Once you find the line with "nat set \<Rightarrow>" in the entries below, return exactly every line from it through the line with "then obtain W".
BEGIN Source information
lemma alpha_tree_persistent_part:
  assumes T: "alpha_tree U \<phi> T" and "P (stem T)"
    and persistent: "\<And>t. t \<in> T \<Longrightarrow> stem T \<sqsubseteq> t \<Longrightarrow> P t \<Longrightarrow> {i. P (insert (\<phi> t i) t)} \<in> U"
  shows "alpha_tree U \<phi> (persistent_part P T)" "stem (persistent_part P T) = stem T"
proof -
  define r where "r = stem T"
  define S where "S = persistent_part P T"
  have tree: "is_tree T"
    using T by (rule alpha_tree_is_tree)
  have "r \<in> T"
    unfolding r_def using is_stem_in[OF alpha_tree_is_stem[OF T]] .
  then have "r \<in> S"
    unfolding S_def persistent_part_def r_def using initseg_refl tree_node_finite[OF tree] by blast
  moreover have "is_tree S"
    unfolding S_def r_def using is_tree_persistent_part[OF tree \<open>r \<in> T\<close>[unfolded r_def]] .
  moreover have "successor_indices \<phi> S t \<in> U" if t: "t \<in> S" "r \<sqsubseteq> t" for t
  proof (rule ultrafilter_mono[OF ultrafilter])
    have "t \<in> T" "finite t"
      using t(1) persistent_part_subset tree_node_finite[OF tree] unfolding S_def by blast+
    moreover have "P t"
      using persistent_part_property[where P = P, OF \<open>P (stem T)\<close>] t
        initseg_refl[OF \<open>finite t\<close>]
      unfolding S_def r_def by blast
    ultimately show "successor_indices \<phi> T t \<inter> {i. P (insert (\<phi> t i) t)} \<in> U"
      using ultrafilter_Int[OF ultrafilter] alpha_tree_successor_indices[OF T] persistent t(2)
      unfolding r_def by blast
    show "successor_indices \<phi> T t \<inter> {i. P (insert (\<phi> t i) t)} \<subseteq> successor_indices \<phi> S t"
    proof
      fix i
      assume "i \<in> successor_indices \<phi> T t \<inter> {i. P (insert (\<phi> t i) t)}"
      then have i: "insert (\<phi> t i) t \<in> T" "\<forall>y\<in>t. y < \<phi> t i" "P (insert (\<phi> t i) t)"
        unfolding successor_indices_def by auto
      have "P v" if "r \<sqsubseteq> v" "v \<sqsubseteq> insert (\<phi> t i) t" for v
        using initseg_insert_cases[OF that(2) \<open>finite t\<close> i(2)] i(3)
          persistent_part_property[where P = P,
            OF \<open>P (stem T)\<close> t(1)[unfolded S_def] that(1)[unfolded r_def]]
        by blast
      moreover have "r \<sqsubseteq> insert (\<phi> t i) t"
        using initseg_trans[OF t(2) initseg_insert[OF \<open>finite t\<close> i(2)]] .
      ultimately show "i \<in> successor_indices \<phi> S t"
        unfolding successor_indices_def S_def persistent_part_def r_def using i by blast
    qed
  qed
  moreover have "\<forall>t\<in>S. r \<sqsubseteq> t \<or> t \<sqsubseteq> r"
    unfolding S_def persistent_part_def r_def by blast
  ultimately show "alpha_tree U \<phi> (persistent_part P T)" "stem (persistent_part P T) = stem T"
    using alpha_tree_intro unfolding S_def r_def by blast+
qed

lemma alpha_tree_amalgam:
  assumes fin: "finite s" and many: "{i. \<phi> s i \<in> X} \<in> U"
    and W: "\<And>x. x \<in> X \<Longrightarrow> alpha_tree U \<phi> (W x) \<and> stem (W x) = insert x s \<and> (\<forall>y\<in>s. y < x)"
  shows "alpha_tree U \<phi> (amalgam s X W)" "stem (amalgam s X W) = s"
proof -
  have W_tree: "is_tree (W x) \<and> is_stem (W x) (insert x s) \<and> (\<forall>y\<in>s. y < x)" if "x \<in> X" for x
    using W[OF that] alpha_tree_with_stem by blast
  have "successor_indices \<phi> (amalgam s X W) t \<in> U" if t: "t \<in> amalgam s X W" "s \<sqsubseteq> t" for t
  proof (cases "t \<sqsubseteq> s")
    case True
    then have "t = s"
      using t(2) initseg_antisym by blast
    have "{i. \<phi> s i \<in> X} \<subseteq> successor_indices \<phi> (amalgam s X W) s"
      unfolding successor_indices_def amalgam_def using W_tree is_stem_in by blast
    then have "successor_indices \<phi> (amalgam s X W) s \<in> U"
      by (rule ultrafilter_mono[OF ultrafilter many])
    with \<open>t = s\<close> show ?thesis
      by simp
  next
    case False
    then obtain x where x: "x \<in> X" "t \<in> W x" "insert x s \<sqsubseteq> t"
      using amalgam_cases[OF fin W_tree t(1)] by blast
    have "successor_indices \<phi> (W x) t \<in> U"
      using alpha_tree_successor_indices[of "W x" t] W[OF x(1)] x(2,3) by simp
    moreover have "W x \<subseteq> amalgam s X W"
      unfolding amalgam_def using x(1) by blast
    ultimately show ?thesis
      using ultrafilter_mono[OF ultrafilter] successor_indices_mono by metis
  qed
  moreover have "s \<in> amalgam s X W"
    unfolding amalgam_def using initseg_refl[OF fin] by blast
  ultimately show "alpha_tree U \<phi> (amalgam s X W)" "stem (amalgam s X W) = s"
    using alpha_tree_intro[OF is_tree_amalgam[OF fin W_tree]] amalgam_comparable[OF fin W_tree]
    by blast+
qed

section \<open>Good nodes\<close>

definition good_node :: "nat set set \<Rightarrow> nat set set \<Rightarrow> nat set \<Rightarrow> bool" where
  "good_node \<O> T s \<longleftrightarrow> (\<exists>S. alpha_tree U \<phi> S \<and> S \<subseteq> T \<and> stem S = s \<and> body S \<subseteq> \<O>)"

lemma good_node_mono: "good_node \<O> S s \<Longrightarrow> S \<subseteq> T \<Longrightarrow> good_node \<O> T s"
  unfolding good_node_def by blast

lemma good_node_if_many_good_successors:
  assumes T: "alpha_tree U \<phi> T" and "t \<in> T" "stem T \<sqsubseteq> t"
    and many: "{i. good_node \<O> T (insert (\<phi> t i) t)} \<in> U"
  shows "good_node \<O> T t"
proof -
  have fin: "finite t"
    using tree_node_finite[OF alpha_tree_is_tree[OF T] \<open>t \<in> T\<close>] .
  define A where "A = successor_indices \<phi> T t \<inter> {i. good_node \<O> T (insert (\<phi> t i) t)}"
  have "A \<in> U"
    unfolding A_def
    using ultrafilter_Int[OF ultrafilter alpha_tree_successor_indices[OF T assms(2,3)] many] .
  define X where "X = \<phi> t ` A"
  have "\<forall>x\<in>X. \<exists>W. (alpha_tree U \<phi> W \<and> stem W = insert x t \<and> (\<forall>y\<in>t. y < x)) \<and> W \<subseteq> T \<and> body W \<subseteq> \<O>"
    unfolding X_def A_def successor_indices_def good_node_def by blast
  then obtain W where W: "\<And>x. x \<in> X \<Longrightarrow> alpha_tree U \<phi> (W x) \<and> stem (W x) = insert x t \<and> (\<forall>y\<in>t. y < x)"
    and W_sub: "\<And>x. x \<in> X \<Longrightarrow> W x \<subseteq> T \<and> body (W x) \<subseteq> \<O>"
    by (metis bchoice)
  have W_tree: "is_tree (W x) \<and> is_stem (W x) (insert x t) \<and> (\<forall>y\<in>t. y < x)" if "x \<in> X" for x
    using W[OF that] alpha_tree_with_stem by blast
  define S where "S = amalgam t X W"
  have "{i. \<phi> t i \<in> X} \<in> U"
    by (rule ultrafilter_mono[OF ultrafilter \<open>A \<in> U\<close>]) (auto simp: X_def)
  then have "alpha_tree U \<phi> S" "stem S = t"
    unfolding S_def using alpha_tree_amalgam[OF fin _ W] by blast+
  moreover have "S \<subseteq> T"
  proof -
    have "{r. r \<sqsubseteq> t} \<subseteq> T"
      using tree_initseg_closed[OF alpha_tree_is_tree[OF T] \<open>t \<in> T\<close>] by blast
    with W_sub show ?thesis
      unfolding S_def amalgam_def by blast
  qed
  moreover have "body S \<subseteq> \<O>"
  proof -
    have "body S \<subseteq> (\<Union>x\<in>X. body (W x))"
      unfolding S_def by (rule body_amalgam_subset[OF fin W_tree])
    also have "\<dots> \<subseteq> \<O>"
      using W_sub by blast
    finally show ?thesis .
  qed
  ultimately show ?thesis
    unfolding good_node_def by blast
qed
END Source information
▶ **Answer area**:
definition good_node :: "nat set set \<Rightarrow> nat set set \<Rightarrow> nat set \<Rightarrow> bool" where
  "good_node \<O> T s \<longleftrightarrow> (\<exists>S. alpha_tree U \<phi> S \<and> S \<subseteq> T \<and> stem S = s \<and> body S \<subseteq> \<O>)"

lemma good_node_mono: "good_node \<O> S s \<Longrightarrow> S \<subseteq> T \<Longrightarrow> good_node \<O> T s"
  unfolding good_node_def by blast

lemma good_node_if_many_good_successors:
  assumes T: "alpha_tree U \<phi> T" and "t \<in> T" "stem T \<sqsubseteq> t"
    and many: "{i. good_node \<O> T (insert (\<phi> t i) t)} \<in> U"
  shows "good_node \<O> T t"
proof -
  have fin: "finite t"
    using tree_node_finite[OF alpha_tree_is_tree[OF T] \<open>t \<in> T\<close>] .
  define A where "A = successor_indices \<phi> T t \<inter> {i. good_node \<O> T (insert (\<phi> t i) t)}"
  have "A \<in> U"
    unfolding A_def
    using ultrafilter_Int[OF ultrafilter alpha_tree_successor_indices[OF T assms(2,3)] many] .
  define X where "X = \<phi> t ` A"
  have "\<forall>x\<in>X. \<exists>W. (alpha_tree U \<phi> W \<and> stem W = insert x t \<and> (\<forall>y\<in>t. y < x)) \<and> W \<subseteq> T \<and> body W \<subseteq> \<O>"
    unfolding X_def A_def successor_indices_def good_node_def by blast
  then obtain W where W: "\<And>x. x \<in> X \<Longrightarrow> alpha_tree U \<phi> (W x) \<and> stem (W x) = insert x t \<and> (\<forall>y\<in>t. y < x)"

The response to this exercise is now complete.